To piece together the story of what happened in Anderson County, South Carolina, that tumultuous May 1, 1865, the perspective is best gained by relying on multiple accounts. Apparently, at least one local resident of the area was aware of where the escaping Jefferson Davis had passed that night. Dr. John B. Adger, local minister and uncle of Clarissa Adger Bowen whose diary represents the main portion of the Ashtabula book I've referred to, prepared his own written version of the episode in his memoir, My Life and Times.
When President Davis and his Cabinet found it necessary to quit Richmond, their course carried them through the Piedmont portion of South Carolina, but they did not come by Pendleton. One night they lodged at Abbeville with my friend, Mr. Thomas C. Perrin, in that spacious and magnificent mansion which was shortly afterwards destroyed by fire.

That, however, did not prevent the amassing of Federal troops in Anderson County in anticipation of the Confederate cabinet's supposed arrival in that area. Clarissa made notes of one experience of her husband, Orsamus Allan Bowen—whom she referred to in her diary simply as "O"—when meeting up with the Union officer and his three men approaching their property at Ashtabula that May 1, he asked, "What does this mean?"
"We are Yankees," was the reply. "Are you the owner of this place?"
"I am and to what command do you belong?"
"To Stoneman's."
"And this is your way of observing the armistice?" O. demanded.

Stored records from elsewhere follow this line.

(* Let $\ell\ge 1$ and $n,m_1,\dots,m_\ell$ be positive integers, $m:=\sum_{i=1}^\ell m_i$. For $i=1,\dots,\ell$ let $C_i\subseteq\mathbb{R}^{m_i}$ be a nonempty closed convex set and $A_i\in\mathbb{R}^{m_i\times n}$ a nonzero matrix, and let $\bar v\in\mathbb{R}^n$. Assume $\bigcap_{i=1}^\ell A_i^{-1}\operatorname{ri}C_i\neq\emptyset$. Let $\mathbf A\in\mathbb{R}^{m\times n}$ with $\mathbf A^T=[A_1^T\ \cdots\ A_\ell^T]$, $D:=C_1\times\cdots\times C_\ell$, $f(x):=\frac12\|x-\bar v\|^2$, $d(\mathbf y):=\frac12\|\mathbf A^T\mathbf y-\bar v\|^2-\frac12\|\bar v\|^2+\sigma_D(\mathbf y)$, $d^*:=\inf d$, and $q(\mathbf y):=\inf_{x\in\mathbb{R}^n}\{f(x)+\delta_D(\mathbf Ax+\mathbf y)\}$ for $\mathbf y\in\mathbb{R}^m$. Then $\mathbf 0\in\operatorname{ri}\operatorname{dom}q$. Moreover, $d(\mathbf y)=q^*(\mathbf y)$ for all $\mathbf y$, and $$\operatorname{Argmin} d=\partial q_E(\mathbf 0)+E^\perp\neq\emptyset,$$ where $q_E(\mathbf y):=q(\operatorname{Proj}_E(\mathbf y))$ and $E:=\operatorname{span}(\operatorname{dom}q)=\operatorname{span}(D-\operatorname{Range}(\mathbf A))$. Furthermore, every sequence $\{\mathbf z^t\}\subseteq\mathbb{R}^m$ with $\operatorname{dist}(\mathbf 0,\partial d(\mathbf z^t))\to0$ satisfies $d(\mathbf z^t)\to d^*$ and $\operatorname{dist}(\mathbf z^t,\operatorname{Argmin} d)\to0$.
   Context: $A_i^{-1}S:=\{x: A_ix\in S\}$; $\operatorname{ri}$ denotes relative interior; $\delta_D$ is the indicator function of $D$ ($0$ on $D$, $+\infty$ outside); $\sigma_D(\mathbf y):=\sup_{\mathbf u\in D}\langle\mathbf y,\mathbf u\rangle$ is the support function; $q^*$ is the convex conjugate of $q$; $\operatorname{dom}q:=\{\mathbf y: q(\mathbf y)<\infty\}$; $\partial$ is the convex subdifferential; $\operatorname{Proj}_E$ is the orthogonal projection onto the subspace $E$. *)

theory Defs
  imports "HOL-Analysis.Analysis"
begin

definition support_fun :: "'a::real_inner set \<Rightarrow> 'a \<Rightarrow> ereal" where
  "support_fun D y = (SUP u\<in>D. ereal (inner y u))"

definition conjugate :: "('a::real_inner \<Rightarrow> ereal) \<Rightarrow> 'a \<Rightarrow> ereal" where
  "conjugate g y = (SUP z. ereal (inner y z) - g z)"

definition edom :: "('a \<Rightarrow> ereal) \<Rightarrow> 'a set" where
  "edom g = {y. g y < \<infinity>}"

definition subdiff :: "('a::real_inner \<Rightarrow> ereal) \<Rightarrow> 'a \<Rightarrow> 'a set" where
  "subdiff g x = {v. \<bar>g x\<bar> \<noteq> \<infinity> \<and> (\<forall>z. g x + ereal (inner v (z - x)) \<le> g z)}"

definition argmin_set :: "('a \<Rightarrow> ereal) \<Rightarrow> 'a set" where
  "argmin_set g = {y. \<forall>z. g y \<le> g z}"

text \<open>Distance from a point to a set, with the convention dist(x, {}) = +infinity.\<close>
definition edist_set :: "'a::metric_space \<Rightarrow> 'a set \<Rightarrow> ereal" where
  "edist_set x S = (INF y\<in>S. ereal (dist x y))"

The Union men proceeded to the Ashtabula stables after telling Bowen that "we are only retaliating" for a Tennessee incident, and made off with some of their horses. Bowen, meanwhile, ran inside, warning his wife and family to take refuge in Clarissa's room. Afterwards, she reflected that "we had but a short time to quiet ourselves and prepare for our trial." Sure enough, more soldiers returned, stealing what they could find—jewelry, firearms, and money, though items of clothing and food "were not despised."

In the aftermath, as Clarissa recognized,
We are yet in too much confusion to know what is taken and what is left. Only thank God, no blood was shed and O. was not taken prisoner. It was all as sudden as a clap of thunder—all over in three hours time.... Tonight we are quiet but Oh, so worn out and exhausted and so intensely anxious for the dear ones at Rivoli [her family members living in a nearby residence].

That was her experience, living in the country outside the town of Pendleton. As we'll soon see, the stories were much the same—if not worse—at other homes in the area, including Rivoli, the residence of her parents and younger siblings.


  1. Surely a terrifying experience.

    1. Kathy, these are some of the milder recorded experiences! The uncertainty of immediate outcomes must have been difficult, as word spread of their neighbors' experiences.

  2. I can only imagine the terror they must have felt :(

    1. Yes, it must have been so hard--and so unexpected!